DATASET RECORDS:
lemma (in prob_space) AE_INFM_indep_events:
  fixes P :: "nat \<Rightarrow> 'a \<Rightarrow> bool"
  assumes indep: "indep_events (\<lambda>n. {x \<in> space M. P n x}) UNIV"
    and prob_ge: "\<And>n. p \<le> prob {x \<in> space M. P n x}" and "0 < p"
  shows "AE x in M. \<exists>\<^sub>\<infinity>n. P n x"
proof -
  let ?A = "\<lambda>m. \<Union>n\<in>{m..}. {x \<in> space M. P n x}"
  have [measurable]: "{x \<in> space M. P n x} \<in> events" for n
    using indep by (auto simp: indep_events_def)
  have "(\<lambda>m. prob (?A m)) \<longlonglongrightarrow> prob (\<Inter>m. ?A m)"
    by (intro finite_Lim_measure_decseq decseq_SucI) (auto dest: Suc_leD)
  moreover have "p \<le> prob (?A m)" for m
    using prob_ge[of m] by (rule order_trans) (intro finite_measure_mono, auto)
  ultimately have "p \<le> prob (\<Inter>m. ?A m)"
    by (intro LIMSEQ_le_const) auto
  moreover have "prob (\<Inter>m. ?A m) = 0 \<or> prob (\<Inter>m. ?A m) = 1"
    using indep by (rule borel_0_1_law)
  ultimately have "prob (\<Inter>m. ?A m) = 1"
    using \<open>0 < p\<close> by auto
  then show ?thesis
    by (simp add: prob_eq_1 INFM_nat_le Bex_def)
qed

lemma AE_sole_transmitter_infinitely_often:
  assumes "0 < \<tau>" "\<tau> < 1"
  shows "AE \<omega> in coins \<tau>. \<forall>k<N. \<exists>\<^sub>\<infinity>n. sole_transmitter N k \<omega> n"
proof -
  interpret prob_space "coins \<tau>" by (rule prob_space_coins)
  have "AE \<omega> in coins \<tau>. \<exists>\<^sub>\<infinity>n. sole_transmitter N k \<omega> n" if "k < N" for k
  proof (rule AE_INFM_indep_events)
    show "indep_events (\<lambda>n. {\<omega> \<in> space (coins \<tau>). sole_transmitter N k \<omega> n}) UNIV"
      using that assms by (intro indep_events_sole_transmitter) auto
    show "\<tau> * (1 - \<tau>) ^ (N - 1) \<le> prob {\<omega> \<in> space (coins \<tau>). sole_transmitter N k \<omega> n}" for n
      using measure_coins_sole_transmitter[of "{n}"] that assms by simp
    show "0 < \<tau> * (1 - \<tau>) ^ (N - 1)"
      using assms by simp
  qed
  then have "AE \<omega> in coins \<tau>. \<forall>k\<in>{..<N}. \<exists>\<^sub>\<infinity>n. sole_transmitter N k \<omega> n"
    by (intro AE_finite_allI) auto
  then show ?thesis
    by (simp add: Ball_def)
qed

definition busy_time :: "(nat \<Rightarrow> real) \<Rightarrow> nat set \<Rightarrow> real" where
  "busy_time Rap S = (if S = {} then 0 else Max ((\<lambda>k. 1 / Rap k) ` S))"

context
  fixes N :: nat and \<sigma> :: real and R :: "nat \<Rightarrow> nat \<Rightarrow> real" and Rap :: "nat \<Rightarrow> real" and P :: nat
begin

lemma pend_fair_step_mono: "pend s j \<le> pend (fair_step N \<sigma> R Rap P 0 tx s) j"
  unfolding fair_step_def Let_def by auto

ACTION ITEM: Repeat the material above exactly.

RESULT FOR THIS TASK:
lemma (in prob_space) AE_INFM_indep_events:
  fixes P :: "nat \<Rightarrow> 'a \<Rightarrow> bool"
  assumes indep: "indep_events (\<lambda>n. {x \<in> space M. P n x}) UNIV"
    and prob_ge: "\<And>n. p \<le> prob {x \<in> space M. P n x}" and "0 < p"
  shows "AE x in M. \<exists>\<^sub>\<infinity>n. P n x"
proof -
  let ?A = "\<lambda>m. \<Union>n\<in>{m..}. {x \<in> space M. P n x}"
  have [measurable]: "{x \<in> space M. P n x} \<in> events" for n
    using indep by (auto simp: indep_events_def)
  have "(\<lambda>m. prob (?A m)) \<longlonglongrightarrow> prob (\<Inter>m. ?A m)"
    by (intro finite_Lim_measure_decseq decseq_SucI) (auto dest: Suc_leD)
  moreover have "p \<le> prob (?A m)" for m
    using prob_ge[of m] by (rule order_trans) (intro finite_measure_mono, auto)
  ultimately have "p \<le> prob (\<Inter>m. ?A m)"
    by (intro LIMSEQ_le_const) auto
  moreover have "prob (\<Inter>m. ?A m) = 0 \<or> prob (\<Inter>m. ?A m) = 1"
    using indep by (rule borel_0_1_law)
  ultimately have "prob (\<Inter>m. ?A m) = 1"
    using \<open>0 < p\<close> by auto
  then show ?thesis
    by (simp add: prob_eq_1 INFM_nat_le Bex_def)
qed

lemma AE_sole_transmitter_infinitely_often:
  assumes "0 < \<tau>" "\<tau> < 1"
  shows "AE \<omega> in coins \<tau>. \<forall>k<N. \<exists>\<^sub>\<infinity>n. sole_transmitter N k \<omega> n"
proof -
  interpret prob_space "coins \<tau>" by (rule prob_space_coins)
  have "AE \<omega> in coins \<tau>. \<exists>\<^sub>\<infinity>n. sole_transmitter N k \<omega> n" if "k < N" for k
  proof (rule AE_INFM_indep_events)
    show "indep_events (\<lambda>n. {\<omega> \<in> space (coins \<tau>). sole_transmitter N k \<omega> n}) UNIV"
      using that assms by (intro indep_events_sole_transmitter) auto
    show "\<tau> * (1 - \<tau>) ^ (N - 1) \<le> prob {\<omega> \<in> space (coins \<tau>). sole_transmitter N k \<omega> n}" for n
      using measure_coins_sole_transmitter[of "{n}"] that assms by simp
    show "0 < \<tau> * (1 - \<tau>) ^ (N - 1)"
      using assms by simp
  qed
  then have "AE \<omega> in coins \<tau>. \<forall>k\<in>{..<N}. \<exists>\<^sub>\<infinity>n. sole_transmitter N k \<omega> n"
    by (intro AE_finite_allI) auto
  then show ?thesis
    by (simp add: Ball_def)
qed

definition busy_time :: "(nat \<Rightarrow> real) \<Rightarrow> nat set \<Rightarrow> real" where
  "busy_time Rap S = (if S = {} then 0 else Max ((\<lambda>k. 1 / Rap k) ` S))"

context
  fixes N :: nat and \<sigma> :: real and R :: "nat \<Rightarrow> nat \<Rightarrow> real" and Rap :: "nat \<Rightarrow> real" and P :: nat
begin

lemma pend_fair_step_mono: "pend s j \<le> pend (fair_step N \<sigma> R Rap P 0 tx s) j"
  unfolding fair_step_def Let_def by auto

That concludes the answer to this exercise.